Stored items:
::::::::::

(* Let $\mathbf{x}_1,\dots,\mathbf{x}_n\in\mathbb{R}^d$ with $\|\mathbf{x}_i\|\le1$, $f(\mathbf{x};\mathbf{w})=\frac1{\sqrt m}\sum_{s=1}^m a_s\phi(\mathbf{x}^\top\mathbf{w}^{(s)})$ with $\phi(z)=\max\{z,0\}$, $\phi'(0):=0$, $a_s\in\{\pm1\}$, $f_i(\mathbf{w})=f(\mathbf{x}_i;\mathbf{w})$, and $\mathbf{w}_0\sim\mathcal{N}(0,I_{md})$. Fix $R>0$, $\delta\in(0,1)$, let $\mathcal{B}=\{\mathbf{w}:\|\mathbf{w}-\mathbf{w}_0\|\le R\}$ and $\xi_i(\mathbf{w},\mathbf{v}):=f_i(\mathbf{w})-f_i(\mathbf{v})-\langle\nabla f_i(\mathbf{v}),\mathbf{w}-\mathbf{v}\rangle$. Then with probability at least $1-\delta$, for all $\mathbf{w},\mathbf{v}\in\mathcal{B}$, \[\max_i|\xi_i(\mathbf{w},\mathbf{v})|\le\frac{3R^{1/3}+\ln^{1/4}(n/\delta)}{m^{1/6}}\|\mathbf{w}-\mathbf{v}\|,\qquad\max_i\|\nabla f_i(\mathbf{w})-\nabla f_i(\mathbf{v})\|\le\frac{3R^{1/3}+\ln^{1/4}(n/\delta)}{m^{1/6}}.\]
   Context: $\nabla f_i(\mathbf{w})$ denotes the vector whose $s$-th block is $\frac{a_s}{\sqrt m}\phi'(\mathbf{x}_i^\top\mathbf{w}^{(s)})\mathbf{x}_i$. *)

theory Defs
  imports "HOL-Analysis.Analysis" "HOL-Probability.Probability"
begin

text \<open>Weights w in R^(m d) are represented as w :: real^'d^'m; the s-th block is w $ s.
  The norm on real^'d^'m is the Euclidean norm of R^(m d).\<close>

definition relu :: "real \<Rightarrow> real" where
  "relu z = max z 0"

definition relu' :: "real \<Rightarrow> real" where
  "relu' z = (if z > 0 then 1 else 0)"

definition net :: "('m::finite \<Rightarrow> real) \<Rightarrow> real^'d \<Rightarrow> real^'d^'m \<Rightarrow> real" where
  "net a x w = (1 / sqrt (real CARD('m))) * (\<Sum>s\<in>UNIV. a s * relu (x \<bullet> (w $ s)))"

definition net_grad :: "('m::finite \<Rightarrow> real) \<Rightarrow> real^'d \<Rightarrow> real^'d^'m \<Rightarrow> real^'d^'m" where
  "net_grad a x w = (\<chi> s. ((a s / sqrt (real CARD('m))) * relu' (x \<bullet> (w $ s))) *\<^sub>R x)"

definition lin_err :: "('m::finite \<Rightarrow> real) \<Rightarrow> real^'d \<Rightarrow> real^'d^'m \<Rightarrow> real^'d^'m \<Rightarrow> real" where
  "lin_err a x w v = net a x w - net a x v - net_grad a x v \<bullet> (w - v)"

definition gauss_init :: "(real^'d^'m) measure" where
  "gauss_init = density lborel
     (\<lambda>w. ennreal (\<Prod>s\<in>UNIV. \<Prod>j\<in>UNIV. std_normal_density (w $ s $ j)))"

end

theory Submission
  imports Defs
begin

::::::::::

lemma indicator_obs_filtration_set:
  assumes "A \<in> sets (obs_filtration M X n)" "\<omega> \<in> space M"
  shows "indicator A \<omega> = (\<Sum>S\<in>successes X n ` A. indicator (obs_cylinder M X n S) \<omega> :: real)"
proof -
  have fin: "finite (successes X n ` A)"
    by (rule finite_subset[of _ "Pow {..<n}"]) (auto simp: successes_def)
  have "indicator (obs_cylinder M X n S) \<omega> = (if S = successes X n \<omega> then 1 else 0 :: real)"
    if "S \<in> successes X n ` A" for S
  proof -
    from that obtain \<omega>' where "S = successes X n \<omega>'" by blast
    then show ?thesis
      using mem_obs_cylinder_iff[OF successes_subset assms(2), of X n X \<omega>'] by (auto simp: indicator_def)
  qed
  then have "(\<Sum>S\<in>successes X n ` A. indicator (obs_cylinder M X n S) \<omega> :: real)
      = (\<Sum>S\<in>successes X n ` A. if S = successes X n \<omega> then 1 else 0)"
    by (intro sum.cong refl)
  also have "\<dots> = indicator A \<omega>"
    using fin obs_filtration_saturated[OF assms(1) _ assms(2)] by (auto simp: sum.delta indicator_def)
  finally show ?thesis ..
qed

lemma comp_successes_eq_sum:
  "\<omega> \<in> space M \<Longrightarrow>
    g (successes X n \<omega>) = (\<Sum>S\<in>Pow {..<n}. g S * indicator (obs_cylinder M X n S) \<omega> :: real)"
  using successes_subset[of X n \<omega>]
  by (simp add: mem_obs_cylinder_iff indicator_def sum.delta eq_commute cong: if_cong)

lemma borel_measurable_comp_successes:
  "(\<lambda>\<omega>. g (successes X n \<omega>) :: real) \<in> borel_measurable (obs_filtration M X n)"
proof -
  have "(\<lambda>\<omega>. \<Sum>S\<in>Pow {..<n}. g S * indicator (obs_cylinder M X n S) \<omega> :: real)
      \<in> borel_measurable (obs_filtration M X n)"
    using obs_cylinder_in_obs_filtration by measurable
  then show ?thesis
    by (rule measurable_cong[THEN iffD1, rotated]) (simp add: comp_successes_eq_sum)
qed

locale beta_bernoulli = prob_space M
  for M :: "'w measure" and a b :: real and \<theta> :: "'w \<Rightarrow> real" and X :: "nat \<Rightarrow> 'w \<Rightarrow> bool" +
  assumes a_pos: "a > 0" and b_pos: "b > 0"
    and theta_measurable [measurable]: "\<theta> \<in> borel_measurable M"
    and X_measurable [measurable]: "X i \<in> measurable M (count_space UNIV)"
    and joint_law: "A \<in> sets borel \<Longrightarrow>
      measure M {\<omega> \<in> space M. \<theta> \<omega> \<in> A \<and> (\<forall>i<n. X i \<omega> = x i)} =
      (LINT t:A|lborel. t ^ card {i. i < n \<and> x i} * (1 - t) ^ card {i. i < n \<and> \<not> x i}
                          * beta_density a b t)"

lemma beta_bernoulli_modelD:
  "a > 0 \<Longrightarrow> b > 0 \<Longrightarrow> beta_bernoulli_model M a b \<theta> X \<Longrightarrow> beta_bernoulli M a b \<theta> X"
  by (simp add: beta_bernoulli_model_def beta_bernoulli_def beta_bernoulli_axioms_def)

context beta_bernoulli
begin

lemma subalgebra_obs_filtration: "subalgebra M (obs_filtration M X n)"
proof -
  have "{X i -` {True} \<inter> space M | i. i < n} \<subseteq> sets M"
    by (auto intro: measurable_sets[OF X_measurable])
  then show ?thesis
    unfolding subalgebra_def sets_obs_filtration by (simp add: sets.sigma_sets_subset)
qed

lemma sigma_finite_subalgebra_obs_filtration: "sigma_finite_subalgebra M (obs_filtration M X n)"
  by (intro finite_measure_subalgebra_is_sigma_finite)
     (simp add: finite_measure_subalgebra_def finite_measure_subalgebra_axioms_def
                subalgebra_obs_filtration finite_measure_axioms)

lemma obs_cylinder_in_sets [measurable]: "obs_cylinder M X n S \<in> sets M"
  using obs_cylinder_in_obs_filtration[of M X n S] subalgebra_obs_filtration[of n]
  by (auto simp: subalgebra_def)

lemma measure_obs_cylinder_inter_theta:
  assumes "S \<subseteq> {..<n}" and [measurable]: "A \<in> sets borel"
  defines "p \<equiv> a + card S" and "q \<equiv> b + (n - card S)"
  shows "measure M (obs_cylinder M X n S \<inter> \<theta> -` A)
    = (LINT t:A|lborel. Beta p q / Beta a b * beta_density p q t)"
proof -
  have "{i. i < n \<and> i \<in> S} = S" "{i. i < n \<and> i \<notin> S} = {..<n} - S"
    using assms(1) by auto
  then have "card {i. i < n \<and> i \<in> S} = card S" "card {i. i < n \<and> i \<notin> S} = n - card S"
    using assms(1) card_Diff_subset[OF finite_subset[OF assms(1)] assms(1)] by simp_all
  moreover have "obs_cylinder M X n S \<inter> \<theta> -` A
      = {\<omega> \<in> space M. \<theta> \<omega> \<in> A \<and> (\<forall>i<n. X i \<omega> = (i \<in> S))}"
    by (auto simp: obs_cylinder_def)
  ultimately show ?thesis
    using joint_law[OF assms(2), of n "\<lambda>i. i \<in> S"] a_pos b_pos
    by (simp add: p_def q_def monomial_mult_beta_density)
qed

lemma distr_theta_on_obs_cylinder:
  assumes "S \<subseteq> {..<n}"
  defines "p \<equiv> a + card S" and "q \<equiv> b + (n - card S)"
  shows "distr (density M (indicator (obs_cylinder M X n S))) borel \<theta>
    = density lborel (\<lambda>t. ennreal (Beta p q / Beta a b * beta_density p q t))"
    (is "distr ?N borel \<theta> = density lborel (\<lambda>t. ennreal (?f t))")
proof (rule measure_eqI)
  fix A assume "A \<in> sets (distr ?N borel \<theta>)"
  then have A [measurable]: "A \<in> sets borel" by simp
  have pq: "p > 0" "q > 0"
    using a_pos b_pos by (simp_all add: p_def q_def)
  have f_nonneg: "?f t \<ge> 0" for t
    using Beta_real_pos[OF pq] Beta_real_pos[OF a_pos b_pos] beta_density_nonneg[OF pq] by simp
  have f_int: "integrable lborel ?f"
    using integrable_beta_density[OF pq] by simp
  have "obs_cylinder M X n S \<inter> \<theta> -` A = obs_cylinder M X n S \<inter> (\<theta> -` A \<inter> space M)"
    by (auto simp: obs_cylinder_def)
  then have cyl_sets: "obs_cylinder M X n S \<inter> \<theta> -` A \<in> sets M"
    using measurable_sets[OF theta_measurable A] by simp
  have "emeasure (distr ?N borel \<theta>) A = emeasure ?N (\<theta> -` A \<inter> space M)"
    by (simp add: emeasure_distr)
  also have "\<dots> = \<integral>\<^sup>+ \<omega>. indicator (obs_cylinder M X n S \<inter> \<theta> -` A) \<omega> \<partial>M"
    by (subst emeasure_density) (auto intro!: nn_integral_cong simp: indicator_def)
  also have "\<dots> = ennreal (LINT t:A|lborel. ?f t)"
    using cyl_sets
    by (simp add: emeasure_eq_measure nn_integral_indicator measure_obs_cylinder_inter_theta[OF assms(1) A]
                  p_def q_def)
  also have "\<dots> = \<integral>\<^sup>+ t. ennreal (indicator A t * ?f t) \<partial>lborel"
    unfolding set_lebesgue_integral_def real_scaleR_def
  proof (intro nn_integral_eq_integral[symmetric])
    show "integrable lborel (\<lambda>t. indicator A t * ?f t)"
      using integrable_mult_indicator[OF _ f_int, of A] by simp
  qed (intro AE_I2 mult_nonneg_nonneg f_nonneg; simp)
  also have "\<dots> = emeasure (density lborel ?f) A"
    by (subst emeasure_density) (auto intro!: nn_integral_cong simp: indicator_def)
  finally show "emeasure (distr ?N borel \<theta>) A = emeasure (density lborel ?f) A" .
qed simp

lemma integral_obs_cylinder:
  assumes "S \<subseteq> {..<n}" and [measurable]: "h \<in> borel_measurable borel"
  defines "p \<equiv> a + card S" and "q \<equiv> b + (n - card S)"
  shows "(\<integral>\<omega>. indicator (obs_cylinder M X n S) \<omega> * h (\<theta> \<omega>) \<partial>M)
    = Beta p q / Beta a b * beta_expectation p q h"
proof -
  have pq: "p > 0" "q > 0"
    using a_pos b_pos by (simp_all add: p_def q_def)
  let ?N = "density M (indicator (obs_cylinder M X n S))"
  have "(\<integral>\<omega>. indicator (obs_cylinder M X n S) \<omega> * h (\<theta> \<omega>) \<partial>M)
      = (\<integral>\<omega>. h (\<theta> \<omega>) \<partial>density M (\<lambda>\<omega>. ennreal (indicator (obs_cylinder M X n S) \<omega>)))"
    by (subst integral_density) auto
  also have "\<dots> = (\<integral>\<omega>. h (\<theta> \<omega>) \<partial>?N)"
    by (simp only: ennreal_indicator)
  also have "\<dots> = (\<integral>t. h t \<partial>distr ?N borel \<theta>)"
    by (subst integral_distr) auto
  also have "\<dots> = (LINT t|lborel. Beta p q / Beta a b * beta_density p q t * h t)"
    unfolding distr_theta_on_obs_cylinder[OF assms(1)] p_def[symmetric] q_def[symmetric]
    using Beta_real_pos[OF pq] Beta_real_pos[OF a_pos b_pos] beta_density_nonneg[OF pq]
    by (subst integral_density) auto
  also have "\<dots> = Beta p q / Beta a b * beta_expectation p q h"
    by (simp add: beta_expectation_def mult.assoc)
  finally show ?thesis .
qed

::::::::::

### Your assignment
Set down again, word for word, the stretch of records from the line with "(\<theta> \<omega>) \<partial>density" to the line with "(\<integral>t. h t", both of those lines included.

### Output below
      = (\<integral>\<omega>. h (\<theta> \<omega>) \<partial>density M (\<lambda>\<omega>. ennreal (indicator (obs_cylinder M X n S) \<omega>)))"
    by (subst integral_density) auto
  also have "\<dots> = (\<integral>\<omega>. h (\<theta> \<omega>) \<partial>?N)"
    by (simp only: ennreal_indicator)
  also have "\<dots> = (\<integral>t. h t \<partial>distr ?N borel \<theta>)"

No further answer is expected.